Preparation of DNA, PCR amplification and sequencing: Genomic DNA was extracted from blood samples using QIAamp DNA blood kit (Qiagen, CA, USA). In the final step of elution instead of 150 μl, 40 μl of elution buffer was used and stored at −80°C for further use. The allelic variation in polymorphic region (555 bp) of block 2 of msp-1 was amplified using amplification conditions and primers as described by Bharti et al[21]. The R2 region (1063 bp) of glurp was determined by nested PCR using the primers GLPF: 5'-TGCAAGTGTTGATCCTGAAGT- 3' and GLPR: 5'-AATGTAGGTACCACGGGTTC- 3'(designed by WCMC-Q, Doha, Qatar). The primary PCR was performed in 50 μl in platinum PCR SuperMix (Invitrogen, USA) with 0.4 μM each forward and reverse primers (GLPF and GLNF) and 3 μl extracted genomic DNA. The PCR reaction was initiated at 95°C for 5 min and followed by 30 cycles of denaturation at 94°C for 1 min, annealing at 53.5°C for 2 min, extension at 72°C for 2 min and final extension of 10 min at 72°C. Primary PCR product was diluted (1:10) and further used for nested PCR using the primers GLNF: 5'-ATGTATCTGAAGTTGTTGAAGA-3' and GLNR: 5'- GTTTGTGATGGTACTTCTTCA-3'. The nested PCR was performed with annealing at 48.5°C for 35 cycles. Other nested PCR conditions were the same as those described for the primary PCR. The PCR products were resolved on 1.5 per cent agarose gel. A positive control (3D7-DNA) and a negative control (nuclease free water) were included in each amplification reaction. The nested PCR products were purified using High Pure PCR Product Purification Kit (Roche, Penzberg, Germany). Purified products were sequenced using the Sanger method (Genewiz INC, NJ, USA) with both respective forward and reverse primers.

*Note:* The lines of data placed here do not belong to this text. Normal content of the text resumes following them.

theorem theorem4:
  fixes k :: nat
  assumes "k \<ge> 1"
  shows "\<exists>b :: real. \<forall>(rs :: 'a list) (ps :: bool list).
           length ps = length rs \<longrightarrow> OPT k rs > 0 \<longrightarrow> eta k rs ps True > 0 \<longrightarrow>
           mp_expected_cost k rs ps
             \<le> 2 * real (OPT k rs) + H k * real (eta k rs ps False)
                + gamma (real (eta k rs ps True) / real (OPT k rs)) * real (eta k rs ps True) + b"
proof (intro exI allI impI)
  fix rs :: "'a list" and ps :: "bool list"
  assume len: "length ps = length rs" and pos: "OPT k rs > 0" "eta k rs ps True > 0"
  show "mp_expected_cost k rs ps
      \<le> 2 * real (OPT k rs) + H k * real (eta k rs ps False)
        + gamma (real (eta k rs ps True) / real (OPT k rs)) * real (eta k rs ps True) + real k"
    using mp_expected_cost_le[OF assms len] later_phase_bounds_le_OPT[OF assms pos] by linarith
qed

end
(* For every integer $n\geq 2$, the set $\bigcup_{|\lambda|>1}\ker(W_n^{*}-\lambda I)$ spans a dense subspace of $H^2$.
   Context: $H^2$ denotes the Hardy space of analytic functions $f(z)=\sum_{k\ge0}\hat f(k)z^k$ on the open unit disk with $\sum_{k}|\hat f(k)|^2<\infty$. For $n\in\mathbb{N}$, $W_n$ is the bounded operator on $H^2$ given by $W_nf(z)=(1+z+\cdots+z^{n-1})f(z^n)$, and $W_n^{*}$ is its adjoint; $I$ is the identity and $\lambda$ ranges over complex numbers. *)

theory Defs
  imports "HOL-Analysis.Analysis"
begin

text \<open>An element f of H^2 is identified with its Taylor coefficient sequence
  (k \<mapsto> hat f k), f(z) = sum_k hat f k z^k.  H^2 is the set of square-summable sequences.\<close>

definition H2 :: "(nat \<Rightarrow> complex) set" where
  "H2 = {a. summable (\<lambda>k. (cmod (a k))\<^sup>2)}"

definition h2_inner :: "(nat \<Rightarrow> complex) \<Rightarrow> (nat \<Rightarrow> complex) \<Rightarrow> complex" where
  "h2_inner a b = (\<Sum>k. a k * cnj (b k))"

definition h2_norm :: "(nat \<Rightarrow> complex) \<Rightarrow> real" where
  "h2_norm a = sqrt (\<Sum>k. (cmod (a k))\<^sup>2)"

text \<open>W_n f(z) = (1+z+...+z^(n-1)) f(z^n) = sum_k sum_(j<n) hat f k z^(n k + j),
  so the m-th Taylor coefficient of W_n f is hat f (m div n).\<close>

definition W :: "nat \<Rightarrow> (nat \<Rightarrow> complex) \<Rightarrow> (nat \<Rightarrow> complex)" where
  "W n a = (\<lambda>m. a (m div n))"

definition adjoint_H2 :: "((nat \<Rightarrow> complex) \<Rightarrow> (nat \<Rightarrow> complex)) \<Rightarrow> (nat \<Rightarrow> complex) \<Rightarrow> (nat \<Rightarrow> complex)" where
  "adjoint_H2 T g = (THE h. h \<in> H2 \<and> (\<forall>f\<in>H2. h2_inner (T f) g = h2_inner f h))"

definition eigenspace_H2 :: "((nat \<Rightarrow> complex) \<Rightarrow> (nat \<Rightarrow> complex)) \<Rightarrow> complex \<Rightarrow> (nat \<Rightarrow> complex) set" where
  "eigenspace_H2 T lam = {g \<in> H2. (\<lambda>k. T g k - lam * g k) = (\<lambda>k. 0)}"

definition cspan_seq :: "(nat \<Rightarrow> complex) set \<Rightarrow> (nat \<Rightarrow> complex) set" where
  "cspan_seq S = {g. \<exists>m (c :: nat \<Rightarrow> complex) v. (\<forall>i<m. v i \<in> S) \<and>
                       g = (\<lambda>k. \<Sum>i<m. c i * v i k)}"

definition dense_in_H2 :: "(nat \<Rightarrow> complex) set \<Rightarrow> bool" where
  "dense_in_H2 V \<longleftrightarrow> (\<forall>f\<in>H2. \<forall>e>0. \<exists>g\<in>V. h2_norm (\<lambda>k. f k - g k) < e)"

end

(*
  W_n^* W_n = n I, so W_n / sqrt n is an isometry, and every s in ker W_n^* generates
  eigenvectors of W_n^*: for |lam| < sqrt n the series sum_i (lam / n)^i W_n^i s converges
  in H^2, and W_n^* maps it to lam times itself.  Fix 1 < c < sqrt n.  Averaging these
  eigenvectors over lam = c w^j, with w a primitive N-th root of unity, extracts W_n^p s up
  to terms W_n^i s with i >= N, whose total norm is O((c / sqrt n)^N).  So every W_n^p s lies
  in the closed span of the eigenvectors with |lam| > 1.  Finally, the unit vector e_m is
  sum_(p<P) n^-p W_n^p s_p with s_p in ker W_n^*, plus W_n^P e_(m div n^P) / n^P, whose norm
  is n^(-P/2); hence that closed span is all of H^2.
*)

theory Submission
  imports Defs
begin

lemma sum_block_reindex:
  fixes K d :: nat
  shows "(\<Sum>m\<in>{K * d..<K * d + d}. h m) = (\<Sum>j<d. h (d * K + j))"
  using sum.shift_bounds_nat_ivl[of h 0 "K * d" d] by (simp add: lessThan_atLeast0 algebra_simps)

lemma suminf_le_geometric_tail:
  fixes f :: "nat \<Rightarrow> real"
  assumes "0 \<le> r" "r < 1" "\<And>i. 0 \<le> f i" "\<And>i. f i \<le> (if N \<le> i then K * r ^ i else 0)"
  shows "summable f" and "suminf f \<le> K * r ^ N / (1 - r)"
proof -
  define g where "g i = (if N \<le> i then K * r ^ i else 0)" for i
  have "(\<lambda>i. K * r ^ N * r ^ i) sums (K * r ^ N * (1 / (1 - r)))"
    using assms(1,2) by (intro sums_mult geometric_sums) simp
  moreover have "(\<lambda>i. g (i + N)) = (\<lambda>i. K * r ^ N * r ^ i)"
    by (simp add: g_def power_add fun_eq_iff)
  ultimately have g: "g sums (K * r ^ N / (1 - r))"
    by (subst sums_zero_iff_shift[symmetric, of N]) (simp_all add: g_def)
  show "summable f"
    using assms(3,4) g by (intro summable_comparison_test[of f g]) (auto simp: g_def sums_summable)
  with g show "suminf f \<le> K * r ^ N / (1 - r)"
    using assms(4) by (metis g_def sums_iff suminf_le)
qed

lemma sum_roots_of_unity_filter:
  fixes N p i :: nat
  assumes "p < N"
  defines "\<omega> \<equiv> exp (2 * of_real pi * \<i> / of_nat N)"
  shows "(\<Sum>j<N. (z * \<omega> ^ j) ^ i / \<omega> ^ (j * p)) = (if i mod N = p then of_nat N * z ^ i else 0)"
proof -
  have \<omega>_power: "\<omega> ^ m = exp (2 * of_real pi * \<i> * of_nat m / of_nat N)" for m
    unfolding \<omega>_def by (simp add: exp_of_nat_mult[symmetric] algebra_simps)
  define \<zeta> where "\<zeta> = \<omega> ^ i / \<omega> ^ p"
  have "(z * \<omega> ^ j) ^ i / \<omega> ^ (j * p) = z ^ i * \<zeta> ^ j" for j
    by (simp add: \<zeta>_def power_mult_distrib power_divide power_mult[symmetric] mult.commute)
  then have sum: "(\<Sum>j<N. (z * \<omega> ^ j) ^ i / \<omega> ^ (j * p)) = z ^ i * (\<Sum>j<N. \<zeta> ^ j)"
    by (simp add: sum_distrib_left)
  have "\<zeta> = 1 \<longleftrightarrow> i mod N = p"
    using assms(1) complex_root_unity_eq[of N i p] by (simp add: \<zeta>_def \<omega>_power exp_not_eq_zero)
  moreover have "\<zeta> ^ N = 1"
  proof -
    have "\<omega> ^ N = 1"
      using complex_root_unity[of N 1] assms(1) by (simp add: \<omega>_def)
    then show ?thesis
      by (simp add: \<zeta>_def power_divide power_mult[symmetric] mult.commute[of _ N] power_mult[of \<omega> N])
  qed
  ultimately show ?thesis
    unfolding sum by (auto simp: geometric_sum)
qed

lemma norm_power_div_mult_sqrt:
  assumes "0 < n"
  shows "cmod ((z / of_nat n) ^ i) * sqrt (real n) ^ i = (cmod z / sqrt (real n)) ^ i"
proof -
  have "cmod z / real n * sqrt (real n) = cmod z / sqrt (real n)"
    using assms by (simp add: field_simps real_div_sqrt)
  then show ?thesis
    by (simp add: norm_power norm_divide power_mult_distrib[symmetric])
qed

section \<open>Norm estimates in H2\<close>

lemma h2_norm_nonneg: "a \<in> H2 \<Longrightarrow> 0 \<le> h2_norm a"
  by (simp add: H2_def h2_norm_def suminf_nonneg)

lemma h2_norm_zero: "h2_norm (\<lambda>k. 0) = 0"
  by (simp add: h2_norm_def)

lemma H2_zero: "(\<lambda>k. 0) \<in> H2"
  by (simp add: H2_def)

lemma L2_set_le_h2_norm:
  assumes "a \<in> H2"
  shows "L2_set (\<lambda>k. cmod (a k)) {..<K} \<le> h2_norm a"
  unfolding L2_set_def h2_norm_def
  using assms by (intro real_sqrt_le_mono sum_le_suminf) (auto simp: H2_def)

lemma H2_if_L2_set_bounded:
  assumes "\<And>K. L2_set (\<lambda>k. cmod (a k)) {..<K} \<le> B"
  shows "a \<in> H2" and "h2_norm a \<le> B"
proof -
  have "0 \<le> B"
    using assms[of 0] by simp
  then have partial: "(\<Sum>k<K. (cmod (a k))\<^sup>2) \<le> B\<^sup>2" for K
    using assms[of K] by (simp add: L2_set_def sqrt_le_D)
  then have "summable (\<lambda>k. (cmod (a k))\<^sup>2)"
    by (intro summableI_nonneg_bounded) auto
  then show "a \<in> H2"
    by (simp add: H2_def)
  have "(\<Sum>k. (cmod (a k))\<^sup>2) \<le> B\<^sup>2"
    by (rule suminf_le_const) (use \<open>summable _\<close> partial in auto)
  then show "h2_norm a \<le> B"
    unfolding h2_norm_def using \<open>0 \<le> B\<close> by (simp add: real_sqrt_le_iff real_le_lsqrt)
qed

lemma norm_le_h2_norm:
  assumes "a \<in> H2"
  shows "cmod (a k) \<le> h2_norm a"
proof -
  have "cmod (a k) \<le> L2_set (\<lambda>k. cmod (a k)) {..<Suc k}"
    by (rule member_le_L2_set) auto
  with L2_set_le_h2_norm[OF assms] show ?thesis
    by (meson order_trans)
qed

lemma H2_add:
  assumes "a \<in> H2" "b \<in> H2"
  shows "(\<lambda>k. a k + b k) \<in> H2" and "h2_norm (\<lambda>k. a k + b k) \<le> h2_norm a + h2_norm b"
proof -
  have "L2_set (\<lambda>k. cmod (a k + b k)) {..<K} \<le> h2_norm a + h2_norm b" for K
  proof -
    have "L2_set (\<lambda>k. cmod (a k + b k)) {..<K} \<le> L2_set (\<lambda>k. cmod (a k) + cmod (b k)) {..<K}"
      by (rule L2_set_mono) (auto intro: norm_triangle_ineq)
    also have "\<dots> \<le> L2_set (\<lambda>k. cmod (a k)) {..<K} + L2_set (\<lambda>k. cmod (b k)) {..<K}"
      by (rule L2_set_triangle_ineq)
    finally show ?thesis
      using L2_set_le_h2_norm[OF assms(1), of K] L2_set_le_h2_norm[OF assms(2), of K] by linarith
  qed
  then show "(\<lambda>k. a k + b k) \<in> H2" and "h2_norm (\<lambda>k. a k + b k) \<le> h2_norm a + h2_norm b"
    by (rule H2_if_L2_set_bounded)+
qed
lemma busemann_bdry_shadow_close:
  assumes "\<xi> \<in> shadow d A lam c tau C e g" and "g \<in> A" "h \<in> A" "e \<in> A"
    and "d h e + C + tau + 2 * \<delta> \<le> d g e" and "lam \<ge> 1" "C \<ge> 0" "tau \<ge> 0"
  shows "\<bar>busemann_bdry d \<xi> h e - busemann_pt d g h e\<bar> \<le> 2 * \<delta>"
proof -
  obtain z t0 where \<xi>: "\<xi> \<in> vis_bdry d A lam c tau" and z: "z \<in> \<xi>" "z 0 = e"
    and t0: "0 \<le> t0" "d (z t0) g \<le> C"
    using assms(1) unfolding shadow_def by blast
  show ?thesis
  proof (rule busemann_bdry_close)
    show "\<exists>z\<in>\<xi>. z 0 = e" using z by blast
    fix w assume w: "w \<in> \<xi>" "w 0 = e"
    obtain K where K: "\<forall>s\<ge>0. \<exists>t\<ge>0. d (w s) (z t) \<le> K"
      using vis_bdry_fellow_travel[OF \<xi> z(1) w(1)] by blast
    have wr: "qr_ray d A lam c tau w" using vis_bdry_qr_ray[OF \<xi> w(1)] .
    have "eventually (\<lambda>s. d g e - C - tau - \<delta> \<le> gprod d (w s) g e) at_top"
      using eventually_gprod_ge_fellow_ray[OF vis_bdry_qr_ray[OF \<xi> z(1)] z(2) t0 wr w(2) K]
        assms(2,4,6-8) by blast
    then have "eventually (\<lambda>s. d g e - C - tau - \<delta> \<le> gprod d (w s) g e \<and> s \<ge> 0) at_top"
      by (rule eventually_conj[OF _ eventually_ge_at_top])
    then have "eventually (\<lambda>s. \<bar>(d (w s) h - d (w s) e) - busemann_pt d g h e\<bar> \<le> 2 * \<delta>) at_top"
    proof (rule eventually_mono)
      fix s assume s: "d g e - C - tau - \<delta> \<le> gprod d (w s) g e \<and> s \<ge> 0"
      then have "w s \<in> A" using wr unfolding qr_ray_def by simp
      with s show "\<bar>(d (w s) h - d (w s) e) - busemann_pt d g h e\<bar> \<le> 2 * \<delta>"
        using busemann_pt_close[of "w s" g h e] assms(2-5) unfolding busemann_pt_def by fastforce
    qed
    then show "ereal (busemann_pt d g h e - 2 * \<delta>) \<le> Limsup at_top (\<lambda>t. ereal (d (w t) h - d (w t) e)) \<and>
        Limsup at_top (\<lambda>t. ereal (d (w t) h - d (w t) e)) \<le> ereal (busemann_pt d g h e + 2 * \<delta>)"
      by (intro Limsup_between_if_eventually_close) simp_all
  qed
qed

end

lemma orbit_dist_pseudometric: "pseudometric (orbit_dist \<phi> x0)"
  by unfold_locales (simp_all add: orbit_dist_def dist_commute dist_triangle2)

theorem mainTheorem9:
  fixes G :: "('g, 'b) monoid_scheme" and \<phi> :: "'g \<Rightarrow> 'x::metric_space \<Rightarrow> 'x"
    and x0 :: 'x and lam c tau k C :: real
  defines "d \<equiv> orbit_dist \<phi> x0"
  assumes "group G"
    and "finitely_generated G"
    and "isom_proper_cocompact G \<phi>"
    and "\<forall>x r. compact (cball (x::'x) r)"
    and "\<exists>lX cX tX. quasiruled_space dist (UNIV :: 'x set) lX cX tX"
    and "\<exists>dX. gromov_hyperbolic dist (UNIV :: 'x set) dX"
    and "lam \<ge> 1" and "c \<ge> 0" and "tau \<ge> 0"
    and "quasiruled_space d (carrier G) lam c tau"
    and "\<exists>delta. gromov_hyperbolic d (carrier G) delta"
    and "k > 0" and "C \<ge> 0"
  shows "\<exists>R\<ge>0. \<exists>\<Delta>\<ge>0. \<forall>n r :: nat. real r > real n + \<Delta> \<longrightarrow>
           (\<forall>g \<in> shell d (carrier G) \<one>\<^bsub>G\<^esub> k (real r).
            \<forall>\<xi> \<in> shadow d (carrier G) lam c tau C \<one>\<^bsub>G\<^esub> g.
            \<forall>h \<in> shell d (carrier G) \<one>\<^bsub>G\<^esub> k (real n).
              \<bar>busemann_bdry d \<xi> h \<one>\<^bsub>G\<^esub> - busemann_pt d g h \<one>\<^bsub>G\<^esub>\<bar> \<le> R)"
proof -
  obtain delta where "gromov_hyperbolic d (carrier G) delta" using assms(12) by blast
  then have "gromov_hyperbolic d (carrier G) (max delta 0)" by (rule gromov_hyperbolic_mono) simp
  moreover have "pseudometric d" unfolding d_def by (rule orbit_dist_pseudometric)
  ultimately interpret hyperbolic_pseudometric d "carrier G" "max delta 0"
    by (simp add: hyperbolic_pseudometric_def hyperbolic_pseudometric_axioms_def)
  have one: "\<one>\<^bsub>G\<^esub> \<in> carrier G" using assms(2) by (simp add: group.is_monoid monoid.one_closed)
  show ?thesis
  proof (rule exI[of _ "2 * max delta 0"], intro conjI exI[of _ "C + tau + 2 * max delta 0 + k"] allI impI ballI)
    show "0 \<le> C + tau + 2 * max delta 0 + k" using assms(10,13,14) by simp
    fix n r :: nat and g \<xi> h
    assume "real r > real n + (C + tau + 2 * max delta 0 + k)"
      and g: "g \<in> shell d (carrier G) \<one>\<^bsub>G\<^esub> k (real r)"
      and \<xi>: "\<xi> \<in> shadow d (carrier G) lam c tau C \<one>\<^bsub>G\<^esub> g"
      and h: "h \<in> shell d (carrier G) \<one>\<^bsub>G\<^esub> k (real n)"
    moreover have "g \<in> carrier G" "h \<in> carrier G"
      "d g \<one>\<^bsub>G\<^esub> > real r - k" "d h \<one>\<^bsub>G\<^esub> \<le> real n"
      using g h unfolding shell_def ballB_def by auto
    ultimately have far: "d h \<one>\<^bsub>G\<^esub> + C + tau + 2 * max delta 0 \<le> d g \<one>\<^bsub>G\<^esub>"
      by linarith
    show "\<bar>busemann_bdry d \<xi> h \<one>\<^bsub>G\<^esub> - busemann_pt d g h \<one>\<^bsub>G\<^esub>\<bar> \<le> 2 * max delta 0"
      by (rule busemann_bdry_shadow_close[OF \<xi> \<open>g \<in> carrier G\<close> \<open>h \<in> carrier G\<close> one far
            assms(8,14,10)])
  qed simp
qed

end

Analysis of sequencing data: Obtained DNA sequences (msp-1 495 and glurp 972) were edited manually in BioEdit[22] and aligned using ClustalW[23]. A total of 75 sequences were obtained. Multiple sequence alignment (MSA) was performed to identify intraspecific variation, if any, amongst the sequences. The homology search was done using BLASTn programme with default parameters ( for msp-1 and glurp genes. All nucleotide sequences were translated online using Expasy portal ( and obtained amino acid sequences were compared with available sequences in the NCBI database using ClustalW. The number of repeat regions of glurp in our isolates was determined based on the well-conserved amino acid repeat pattern DKNEKGQHEIVEVEEILPE of glurp R2 repeat region. The alleles of glurp were determined on the basis of the presence of GQ/VE/VQ on the 6th and 7th positions of the amino acid repeat region.

   Results Top

Allelic polymorphisms of merozoite surface protein-1 (msp-1) (block 2): The polymorphic msp-1 (block 2) was studied in the P. falciparum- infected patients for allelic diversity. In these patients, in the block 2 of msp-1, the nucleotide and the deduced amino acid sequence were found to be highly polymorphic. The nucleotide changes were non-synonymous; hence, the deduced amino acid variations corresponded to one or the other alleles. The samples comprised three alleles, namely, R033, MAD20 and K1. The allelic frequency in the studied population was 47 (63%), 22 (29%) and 6 (8%) for R033, MAD20 and K1, respectively. The samples were composed of two variants in R033 allele whereas MAD20 had only one variant and the remaining K1 allele was found to be composed of three variants. Further analysis showed that the R033 allelic sequences were identical and showed 80-100 per cent similarity with reported R033 isolates of Iran, Sudan, Brazil and Tanzania, whereas the MAD20 and K1 allelic sequences showed similarity with that from Tanzania and Thailand, respectively.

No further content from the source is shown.